[Dataset records]
★ ★ ★ ★
(* For $i=1,2$ let $(\sigma_i,\varepsilon_i)$ be admissible pairs of $K$ and $q_i:V\to\overline K^{\sigma_i,\varepsilon_i}/\overline R_i$ non-trivial generalized $(\sigma_i,\varepsilon_i)$-quadratic forms with $S_{q_1}=S_{q_2}$. Assume that the polar space $S:=S_{q_1}=S_{q_2}$ has non-degenerate rank at least $2$. Then $q_1$ and $q_2$ are proportional: there is $\kappa\in K\setminus\{0\}$ such that $\sigma_2(t)=\kappa\sigma_1(t)\kappa^{-1}$ for all $t$, $\varepsilon_2=\kappa\kappa^{-\sigma_1}\varepsilon_1$, $\overline R_2=\kappa\overline R_1$, and $q_2(x)=\kappa q_1(x)$ for all $x\in V$.
   Context: $K$ division ring, $V$ right $K$-vector space. Admissible pair $(\sigma,\varepsilon)$: $\sigma$ anti-automorphism, $\varepsilon^\sigma\varepsilon=1$, $t^{\sigma^2}=\varepsilon t\varepsilon^{-1}$. $K_{\sigma,\varepsilon}=\{t-t^\sigma\varepsilon\}$, $\overline K^{\sigma,\varepsilon}=K/K_{\sigma,\varepsilon}$, $\bar t$ class of $t$, $\bar t\circ\lambda=\overline{\lambda^\sigma t\lambda}$; closed subgroups: stable under all $\circ\lambda$. If $(\sigma_2,\varepsilon_2)$ is obtained from $(\sigma_1,\varepsilon_1)$ via $\kappa$ as in the claim, then $\kappa K_{\sigma_1,\varepsilon_1}=K_{\sigma_2,\varepsilon_2}$, so left multiplication by $\kappa$ induces a group isomorphism $\overline K^{\sigma_1,\varepsilon_1}\to\overline K^{\sigma_2,\varepsilon_2}$; $\kappa\overline R_1$ and $\kappa q_1(x)$ are understood via this map. A generalized $(\sigma,\varepsilon)$-quadratic form with co-defect closed $\overline R$: $q:V\to\overline K^{\sigma,\varepsilon}/\overline R$ with $q(x\lambda)=q(x)\circ\lambda$ and a trace-valued $(\sigma,\varepsilon)$-sesquilinear $f$ ($f(x\lambda,y\mu)=\lambda^\sigma f(x,y)\mu$, $f(y,x)=f(x,y)^\sigma\varepsilon$, $f(x,x)\in\{t+t^\sigma\varepsilon\}$) with $q(x+y)=q(x)+q(y)+(\overline{f(x,y)}+\overline R)$. Non-trivial: not identically $\overline R$. $S_q$: the point-line geometry of points $[x]$ with $q(x)=\overline R$ and lines of $\mathrm{PG}(V)$ consisting of such points; it is a polar space. The non-degenerate rank of a polar space is the rank of its quotient over its radical. *)

theory Defs
  imports Main "HOL-Library.Set_Algebras"
begin

(* Right K-vector space V = type 'v :: ab_group_add with a right scalar *)
(* multiplication sm x \<lambda> = x\<lambda>.                                        *)

definition right_vector_space :: "('v::ab_group_add \<Rightarrow> 'k::division_ring \<Rightarrow> 'v) \<Rightarrow> bool" where
  "right_vector_space sm \<longleftrightarrow>
     (\<forall>x. sm x 1 = x) \<and>
     (\<forall>x a b. sm x (a * b) = sm (sm x a) b) \<and>
     (\<forall>x y a. sm (x + y) a = sm x a + sm y a) \<and>
     (\<forall>x a b. sm x (a + b) = sm x a + sm x b)"

definition anti_automorphism :: "('k::division_ring \<Rightarrow> 'k) \<Rightarrow> bool" where
  "anti_automorphism \<sigma> \<longleftrightarrow> bij \<sigma> \<and>
     (\<forall>a b. \<sigma> (a + b) = \<sigma> a + \<sigma> b) \<and>
     (\<forall>a b. \<sigma> (a * b) = \<sigma> b * \<sigma> a)"

definition admissible :: "('k::division_ring \<Rightarrow> 'k) \<Rightarrow> 'k \<Rightarrow> bool" where
  "admissible \<sigma> \<epsilon> \<longleftrightarrow> anti_automorphism \<sigma> \<and> \<sigma> \<epsilon> * \<epsilon> = 1 \<and>
     (\<forall>t. \<sigma> (\<sigma> t) = \<epsilon> * t * inverse \<epsilon>)"

definition Ksig :: "('k::division_ring \<Rightarrow> 'k) \<Rightarrow> 'k \<Rightarrow> 'k set" where
  "Ksig \<sigma> \<epsilon> = {t - \<sigma> t * \<epsilon> | t. True}"

(* the class \<bar>t of t in \<bar>K^{\<sigma>,\<epsilon>} = K / K_{\<sigma>,\<epsilon>} (a coset, i.e. a subset of K) *)
definition kbar :: "('k::division_ring \<Rightarrow> 'k) \<Rightarrow> 'k \<Rightarrow> 'k \<Rightarrow> 'k set" where
  "kbar \<sigma> \<epsilon> t = t +o Ksig \<sigma> \<epsilon>"

(* the group \<bar>K^{\<sigma>,\<epsilon>}, as the set of all classes; its addition is the
   pointwise sum of cosets (Set_Algebras) *)
definition Kbar :: "('k::division_ring \<Rightarrow> 'k) \<Rightarrow> 'k \<Rightarrow> 'k set set" where
  "Kbar \<sigma> \<epsilon> = range (kbar \<sigma> \<epsilon>)"

(* X \<circ> \<lambda> on \<bar>K: for X = \<bar>t this is \<bar>(\<lambda>^\<sigma> t \<lambda>) *)
definition circ :: "('k::division_ring \<Rightarrow> 'k) \<Rightarrow> 'k \<Rightarrow> 'k set \<Rightarrow> 'k \<Rightarrow> 'k set" where
  "circ \<sigma> \<epsilon> X l = (\<lambda>t. \<sigma> l * t * l) ` X + Ksig \<sigma> \<epsilon>"

definition closed_subgroup :: "('k::division_ring \<Rightarrow> 'k) \<Rightarrow> 'k \<Rightarrow> 'k set set \<Rightarrow> bool" where
  "closed_subgroup \<sigma> \<epsilon> Rb \<longleftrightarrow>
     Rb \<subseteq> Kbar \<sigma> \<epsilon> \<and> kbar \<sigma> \<epsilon> 0 \<in> Rb \<and>
     (\<forall>s t. kbar \<sigma> \<epsilon> s \<in> Rb \<longrightarrow> kbar \<sigma> \<epsilon> t \<in> Rb \<longrightarrow> kbar \<sigma> \<epsilon> (s - t) \<in> Rb) \<and>
     (\<forall>X l. X \<in> Rb \<longrightarrow> circ \<sigma> \<epsilon> X l \<in> Rb)"

definition Kquot :: "('k::division_ring \<Rightarrow> 'k) \<Rightarrow> 'k \<Rightarrow> 'k set set \<Rightarrow> 'k set set set" where
  "Kquot \<sigma> \<epsilon> Rb = {X +o Rb | X. X \<in> Kbar \<sigma> \<epsilon>}"

definition circq :: "('k::division_ring \<Rightarrow> 'k) \<Rightarrow> 'k \<Rightarrow> 'k set set \<Rightarrow> 'k set set \<Rightarrow> 'k \<Rightarrow> 'k set set" where
  "circq \<sigma> \<epsilon> Rb Q l = (\<lambda>X. circ \<sigma> \<epsilon> X l) ` Q + Rb"

definition trace_valued_sesquilinear ::
  "('v::ab_group_add \<Rightarrow> 'k::division_ring \<Rightarrow> 'v) \<Rightarrow> ('k \<Rightarrow> 'k) \<Rightarrow> 'k \<Rightarrow> ('v \<Rightarrow> 'v \<Rightarrow> 'k) \<Rightarrow> bool" where
  "trace_valued_sesquilinear sm \<sigma> \<epsilon> f \<longleftrightarrow>
     (\<forall>x x' y. f (x + x') y = f x y + f x' y) \<and>
     (\<forall>x y y'. f x (y + y') = f x y + f x y') \<and>
     (\<forall>x y a b. f (sm x a) (sm y b) = \<sigma> a * f x y * b) \<and>
     (\<forall>x y. f y x = \<sigma> (f x y) * \<epsilon>) \<and>
     (\<forall>x. f x x \<in> {t + \<sigma> t * \<epsilon> | t. True})"

definition gen_quadratic_form ::
  "('v::ab_group_add \<Rightarrow> 'k::division_ring \<Rightarrow> 'v) \<Rightarrow> ('k \<Rightarrow> 'k) \<Rightarrow> 'k \<Rightarrow> 'k set set
     \<Rightarrow> ('v \<Rightarrow> 'k set set) \<Rightarrow> bool" where
  "gen_quadratic_form sm \<sigma> \<epsilon> Rb q \<longleftrightarrow>
     closed_subgroup \<sigma> \<epsilon> Rb \<and>
     (\<forall>x. q x \<in> Kquot \<sigma> \<epsilon> Rb) \<and>
     (\<forall>x l. q (sm x l) = circq \<sigma> \<epsilon> Rb (q x) l) \<and>
     (\<exists>f. trace_valued_sesquilinear sm \<sigma> \<epsilon> f \<and>
          (\<forall>x y. q (x + y) = q x + q y + (kbar \<sigma> \<epsilon> (f x y) +o Rb)))"

(* non-trivial: q is not identically \<bar>R (the zero of the quotient) *)
definition nontrivial_qform :: "('v \<Rightarrow> 'k set set) \<Rightarrow> 'k set set \<Rightarrow> bool" where
  "nontrivial_qform q Rb \<longleftrightarrow> (\<exists>x. q x \<noteq> Rb)"

(* Projective space PG(V): points are 1-dimensional subspaces.         *)

definition pt :: "('v \<Rightarrow> 'k \<Rightarrow> 'v) \<Rightarrow> 'v \<Rightarrow> 'v set" where
  "pt sm x = range (sm x)"

definition pline :: "('v::ab_group_add \<Rightarrow> 'k::division_ring \<Rightarrow> 'v) \<Rightarrow> 'v \<Rightarrow> 'v \<Rightarrow> 'v set set" where
  "pline sm x y = {pt sm (sm x a + sm y b) | a b. sm x a + sm y b \<noteq> 0}"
★ ★ ★ ★
*What you have to do*: Only the lines above that hold "True" are wanted. Show every one of them.

*Final answer*:
  "Ksig \<sigma> \<epsilon> = {t - \<sigma> t * \<epsilon> | t. True}"
     (\<forall>x. f x x \<in> {t + \<sigma> t * \<epsilon> | t. True})"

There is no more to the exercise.